Rejecting the allegations, Moraitis explained that he decided to join a swell of volunteers heading to Greek islands as the refugee crisis unfolded in 2015.
Each morning while commuting to work, he would listen to the radio and hear updates from Lesbos as tens of thousands of refugees reached the island. “I heard the news every morning, and I saw the photos,” he recalled, speaking to Al Jazeera by telephone.
“What really tipped me over was what convinced thousands of people to volunteer: the photo of Aylan Kurdi,” he recalled, referring to a Syrian toddler whose lifeless body washed up on Turkish shores in September 2015.
At the time, images of Kurdi went viral and made international headlines.
“My wife was pregnant with my daughter then, and I knew I had to do something,” Moraitis said.
Advocates say the arrests are part of a broader wave of clamping down on volunteers, aid workers and activists who have worked with refugees and migrants fleeing war zones and economic devastation in the Middle East, Africa, and South Asia.

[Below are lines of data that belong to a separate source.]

text \<open>Substitution xi_gamma := eta / prod_{delta ~= gamma} xi_delta. The result is a monomial
  in the variables eta (= None) and xi_delta (= Some delta).\<close>
definition hsubst :: "nat \<Rightarrow> nat \<Rightarrow> (nat \<Rightarrow> int) \<Rightarrow> (nat option \<Rightarrow> int)" where
  "hsubst N \<gamma> m =
     (\<lambda>v. case v of None \<Rightarrow> 0 | Some d \<Rightarrow> if d = \<gamma> then 0 else m d)
     + mscale (m \<gamma>) (mvar None - (\<Sum>d\<in>{1..N} - {\<gamma>}. mvar (Some d)))"

text \<open>Restriction of a monomial to xi_a = xi_b (substituting xi_b := xi_a).\<close>
definition identify :: "'v \<Rightarrow> 'v \<Rightarrow> ('v \<Rightarrow> int) \<Rightarrow> ('v \<Rightarrow> int)" where
  "identify a b e = (\<lambda>v. if v = b then 0 else e v) + mscale (e b) (mvar a)"

end

theory Submission
  imports Defs
begin

text \<open>Writing \<open>\<pi> = \<sigma>\<^sup>-\<^sup>1\<close> for the position map, the exponent of \<open>\<xi>\<^sub>v\<close> in \<open>h\<^sub>\<sigma>\<close> is
  (number of smaller entries to the right of \<open>v\<close>) \<open>-\<close> (number of larger entries to its left)
  \<open>+ x\<^bsub>\<pi> v\<^esub> - y\<^sub>v - 1\<close>.
  Swapping the adjacent entries \<open>\<alpha>, \<beta>\<close> does not change the relative order of any other pair,
  so it leaves every other exponent alone and preserves the sum of the exponents of \<open>\<xi>\<^sub>\<alpha>\<close>
  and \<open>\<xi>\<^sub>\<beta>\<close>, which is all that survives \<open>\<xi>\<^sub>\<alpha> = \<xi>\<^sub>\<beta>\<close>; the substitution for
  \<open>\<xi>\<^sub>\<gamma>\<close> shifts both sides equally. After the substitution the exponent of \<open>\<xi>\<^sub>\<alpha>\<close> is
  \<open>e\<^sub>\<alpha> - e\<^sub>\<gamma>\<close>. If \<open>(\<alpha>, \<gamma>)\<close> is an inversion, the inversion counts of \<open>\<alpha>\<close> and \<open>\<gamma>\<close>
  differ by at most \<open>(\<alpha> - \<gamma>) + (\<pi> \<gamma> - \<pi> \<alpha>)\<close>, which the strict monotonicity of
  \<open>x\<close> and \<open>y\<close> exactly compensates, so \<open>e\<^sub>\<alpha> \<le> e\<^sub>\<gamma>\<close>.\<close>

lemma sum_fun_apply: "(\<Sum>i\<in>A. f i) v = (\<Sum>i\<in>A. f i v)"
  by (induction A rule: infinite_finite_induct) auto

In 2016, Greek police arrested a pair of Spanish activists who were attempting to help transport refugees from the country, in the port city of Igoumenitsa.
In March, Italian authorities launched an investigation into Proactiva Open Arms and seized a rescue ship, accusing three individuals of criminal activities related to facilitating migration to the country.

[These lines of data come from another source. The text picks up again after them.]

(* Let $X$ be a compact K\"ahler space endowed with a symmetric bilinear (quadratic) form $q_X$ on the $\mathbb Q$-vector space of $\mathbb Q$-Weil divisors (or on $\mathrm{Cl}(X)\otimes\mathbb Q$) which is an intersection product, i.e. $q_X(D,D')\ge 0$ for any two distinct prime Weil divisors $D\neq D'$. Then every effective $\mathbb Q$-Weil divisor $D$ on $X$ has a unique rational $q_X$-Zariski decomposition: there is a unique way to write $D=P(D)+N(D)$ with $P(D),N(D)$ effective $\mathbb Q$-Weil divisors such that (1) $P(D)$ is $q_X$-nef, (2) $N(D)$ is $q_X$-exceptional or zero, and (3) $q_X(P(D),N(D))=0$. No assumption on the signature of $q_X$ is needed.
   Context: A prime divisor is a reduced irreducible effective divisor. A $\mathbb Q$-Weil divisor $P$ is $q_X$-nef if $q_X(P,E)\ge0$ for every effective Weil divisor $E$ (equivalently every prime Weil divisor $E$). An effective $\mathbb Q$-Weil divisor $E=\sum a_iE_i$ (with $E_i$ its distinct prime components) is $q_X$-exceptional if the Gram matrix $(q_X(E_i,E_j))_{i,j}$ is negative definite. *)

theory Defs
  imports Complex_Main
begin

text \<open>The prime Weil divisors of X are the elements of a type 'p.
  A Q-Weil divisor is a finitely supported function 'p => rat (coefficients).\<close>

definition qdivs :: "('p \<Rightarrow> rat) set" where
  "qdivs = {D. finite {p. D p \<noteq> 0}}"

definition supp_div :: "('p \<Rightarrow> rat) \<Rightarrow> 'p set" where
  "supp_div D = {p. D p \<noteq> 0}"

Two months later, three Spanish firefighters were put on trial for helping refugees enter the EU on Lesbos. Those charges could land them behind bars for 10 years.
In Hungary, far-right Prime Minister Viktor Orban’s government passed into law in June a measure prohibiting individuals and NGOs from providing aid to refugees and migrants entering the Central European country.
Nassim Lomani, an Athens-based activist who came to Europe from Afghanistan two decades ago, said the effort to crack down on rescue workers, NGOs and refugee solidarity activists comes at a time when the EU seeks to stem the flow of refugees and migrants to the continent.
“It’s getting worse,” he told Al Jazeera, “and I have the feeling it will continue to get much worse.”
Arrivals continue
In recent months, several European countries, among them Germany, Austria and Italy, have sought to limit the entry and movement of asylum seekers.
Last month, Germany struck a deal with Greece to return asylum seekers to the Mediterranean country if it was their first port of entry into the bloc.
In Italy, the newly-appointed far-right interior minister, Matteo Salvini, has prompted outrage across the continent by refusing to allow refugee boats to disembark on the country’s shores.
In late August, Salvini initially blocked a boat carrying some 177 people from unloading, leading to a nearly week-long standoff.
But in Greece boats continue to arrive, despite declining living standards in the overcrowded camps, particularly on the islands, and the apparent attempts to discourage rescue workers and activists.
According to the United Nations refugee agency (UNHCR), more than 21,000 refugees and migrants have reached Greece in 2018, a number that pales in comparison to the nearly million who passed through the country three years earlier.
On Thursday, the Greek coast guard retrieved 65 people on a boat in the Mediterranean near southwestern Greece, according to the local daily Ekathimerini.
Arrivals have also swelled on the country’s land border with Turkey, where a growing number of people cross the Evros River to enter Greece.
Meanwhile, with the charges pending against four of its members, the ERCI has suspended all its operations indefinitely.
Among those services was a clinic in Moria, a cramped refugee camp on Lesbos, and programmes in the nearby Karatepe camp.
“Based on what I’ve seen till now, our people are being prosecuted for doing nothing wrong,” Moraitis said.
“It feels like the authorities want to make an example out of us to scare others from doing search-and-rescue,” he concluded.
“In the end, they [authorities] will say, ‘Oops, our bad,’ but lives will have been ruined already.”